INSTRUCTIONS FOR THE TASK —
Among the entries, which lines carry the string "blast"? Copy every one.

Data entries
*** Begin section ***

lemma slice_sum_transpose:
  assumes "symmetric_matrix r n A" and "k < r" and "l < r"
  shows "slice_sum r n A k s = slice_sum r n A l s"
proof -
  let ?\<sigma> = "transpose k l"
  have perm: "?\<sigma> permutes {..<r}"
    using assms(2,3) by (intro permutes_swap_id) auto
  have involutive: "i \<circ> ?\<sigma> \<circ> ?\<sigma> = i" for i :: "nat \<Rightarrow> nat"
    by (auto simp: fun_eq_iff)
  show ?thesis
    unfolding slice_sum_def
  proof (rule sum.reindex_bij_witness[where i="\<lambda>i. i \<circ> ?\<sigma>" and j="\<lambda>i. i \<circ> ?\<sigma>"])
    fix i assume "i \<in> {i \<in> idx r n. i l = s}"
    then show "i \<circ> ?\<sigma> \<circ> ?\<sigma> = i" "i \<circ> ?\<sigma> \<in> {i \<in> idx r n. i k = s}"
      using idx_comp_permutes[OF _ perm] involutive by auto
  next
    fix i assume i: "i \<in> {i \<in> idx r n. i k = s}"
    then show "i \<circ> ?\<sigma> \<circ> ?\<sigma> = i" "i \<circ> ?\<sigma> \<in> {i \<in> idx r n. i l = s}"
      using idx_comp_permutes[OF _ perm] involutive by auto
    show "A (i \<circ> ?\<sigma>) = A i"
      using assms(1) perm i unfolding symmetric_matrix_def by auto
  qed
qed

lemma pnorm_scale:
  assumes "c > 0" and "p > 0"
  shows "pnorm p n (\<lambda>j. c * x j) = c * pnorm p n x"
proof -
  have "(\<Sum>j<n. \<bar>c * x j\<bar> powr p) = c powr p * (\<Sum>j<n. \<bar>x j\<bar> powr p)"
    using assms by (simp add: abs_mult powr_mult sum_distrib_left)
  then show ?thesis
    using assms unfolding pnorm_def by (simp add: powr_mult powr_powr)
qed

lemma polyA_scale: "polyA r n A (\<lambda>j. c * x j) = c ^ r * polyA r n A x"
  unfolding polyA_def by (simp add: prod.distrib sum_distrib_left mult_ac)

lemma abs_le_one_if_pnorm_eq_one:
  assumes "pnorm p n x = 1" and "p > 0" and "j < n"
  shows "\<bar>x j\<bar> \<le> 1"
proof (rule ccontr)
  assume "\<not> \<bar>x j\<bar> \<le> 1"
  then have "1 < \<bar>x j\<bar> powr p"
    using assms(2) by (simp add: gr_one_powr)
  also have "\<dots> \<le> (\<Sum>j<n. \<bar>x j\<bar> powr p)"
    using assms(3) by (intro member_le_sum) auto
  finally have "1 < (\<Sum>j<n. \<bar>x j\<bar> powr p) powr (1/p)"
    using assms(2) by (simp add: gr_one_powr)
  then show False
    using assms(1) unfolding pnorm_def by simp
qed

lemma abs_polyA_le_sum_abs:
  assumes "pnorm p n x = 1" and "p > 0"
  shows "\<bar>polyA r n A x\<bar> \<le> (\<Sum>i\<in>idx r n. \<bar>A i\<bar>)"
proof -
  have "\<bar>polyA r n A x\<bar> \<le> (\<Sum>i\<in>idx r n. \<bar>A i * (\<Prod>k<r. x (i k))\<bar>)"
    unfolding polyA_def by (rule sum_abs)
  also have "\<dots> \<le> (\<Sum>i\<in>idx r n. \<bar>A i\<bar>)"
  proof (rule sum_mono)
    fix i assume i: "i \<in> idx r n"
    have "\<bar>\<Prod>k<r. x (i k)\<bar> \<le> 1"
      unfolding abs_prod
      using i abs_le_one_if_pnorm_eq_one[OF assms]
      by (intro prod_le_1) (auto simp: idx_def PiE_iff)
    then show "\<bar>A i * (\<Prod>k<r. x (i k))\<bar> \<le> \<bar>A i\<bar>"
      by (simp add: abs_mult mult_left_le)
  qed
  finally show ?thesis .
qed

lemma abs_polyA_le_eta:
  assumes "p > 0" and "pnorm p n x > 0"
  shows "\<bar>polyA r n A x\<bar> \<le> eta p r n A * pnorm p n x ^ r"
proof -
  define N where "N = pnorm p n x"
  define u where "u = (\<lambda>j. (1/N) * x j)"
  have N: "N > 0"
    using assms N_def by simp
  have u_unit: "pnorm p n u = 1"
    using N assms pnorm_scale[of "1/N" p n x] by (simp add: u_def N_def)
  have "bdd_above {\<bar>polyA r n A x\<bar> | x. pnorm p n x = 1}"
    using abs_polyA_le_sum_abs[OF _ assms(1)] by (auto intro!: bdd_aboveI)
  then have "\<bar>polyA r n A u\<bar> \<le> eta p r n A"
    unfolding eta_def using u_unit by (intro cSup_upper) auto
  moreover have "polyA r n A x = N ^ r * polyA r n A u"
    using N polyA_scale[of r n A N u] by (simp add: u_def)
  ultimately show ?thesis
    using N by (simp add: N_def abs_mult mult.commute mult_left_mono)
qed

lemma abs_polyA_mult_powr_le_eta:
  assumes "p > 0" and "n > 0" and "\<And>j. j < n \<Longrightarrow> x j > 0"
  shows "\<bar>polyA r n A x\<bar> * (\<Sum>j<n. x j powr p) powr (- real r / p) \<le> eta p r n A"
proof -
  define N where "N = (\<Sum>j<n. x j powr p)"
  have N_pos: "N > 0"
    unfolding N_def using assms(2,3) by (intro sum_pos) (auto dest: assms(3))
  have "pnorm p n x = N powr (1/p)"
    unfolding pnorm_def N_def using assms(3) by (simp add: abs_of_pos)
  then have "\<bar>polyA r n A x\<bar> \<le> eta p r n A * N powr (real r / p)"
    using abs_polyA_le_eta[OF assms(1), of n x r A] N_pos by (simp add: powr_power)
  then have "\<bar>polyA r n A x\<bar> / N powr (real r / p) \<le> eta p r n A"
    using N_pos by (simp add: pos_divide_le_eq)
  then show ?thesis
    by (simp add: N_def powr_minus divide_inverse)
qed

lemma DERIV_local_max_abs:
  fixes f :: "real \<Rightarrow> real"
  assumes "(f has_real_derivative l) (at x)" and "d > 0"
    and "\<And>y. \<bar>x - y\<bar> < d \<Longrightarrow> \<bar>f y\<bar> \<le> \<bar>f x\<bar>"
  shows "l = 0"
proof (cases "f x \<ge> 0")
  case True
  then have "\<forall>y. \<bar>x - y\<bar> < d \<longrightarrow> f y \<le> f x"
    using assms(3) by force
  then show ?thesis
    using DERIV_local_max[OF assms(1,2)] by blast
next
  case False
  then have "\<forall>y. \<bar>x - y\<bar> < d \<longrightarrow> f x \<le> f y"
    using assms(3) by force
  then show ?thesis
    using DERIV_local_min[OF assms(1,2)] by blast
qed

lemma polyA_along_ones_has_derivative:
  "((\<lambda>e. polyA r n A (\<lambda>j. 1 + e * v j)) has_real_derivative
      (\<Sum>i\<in>idx r n. A i * (\<Sum>k<r. v (i k)))) (at 0)"
  unfolding polyA_def
proof (rule DERIV_sum)
  fix i
  have "((\<lambda>e. \<Prod>k<r. 1 + e * v (i k)) has_real_derivative
          (\<Sum>k<r. v (i k) * (\<Prod>l\<in>{..<r}-{k}. 1 + 0 * v (i l)))) (at 0)"
    by (rule has_field_derivative_prod) (auto intro!: derivative_eq_intros)
  then show "((\<lambda>e. A i * (\<Prod>k<r. 1 + e * v (i k))) has_real_derivative
               A i * (\<Sum>k<r. v (i k))) (at 0)"
    by (simp add: DERIV_cmult)
qed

*** End section ***

EXERCISE RESPONSE —
    using DERIV_local_max[OF assms(1,2)] by blast
    using DERIV_local_min[OF assms(1,2)] by blast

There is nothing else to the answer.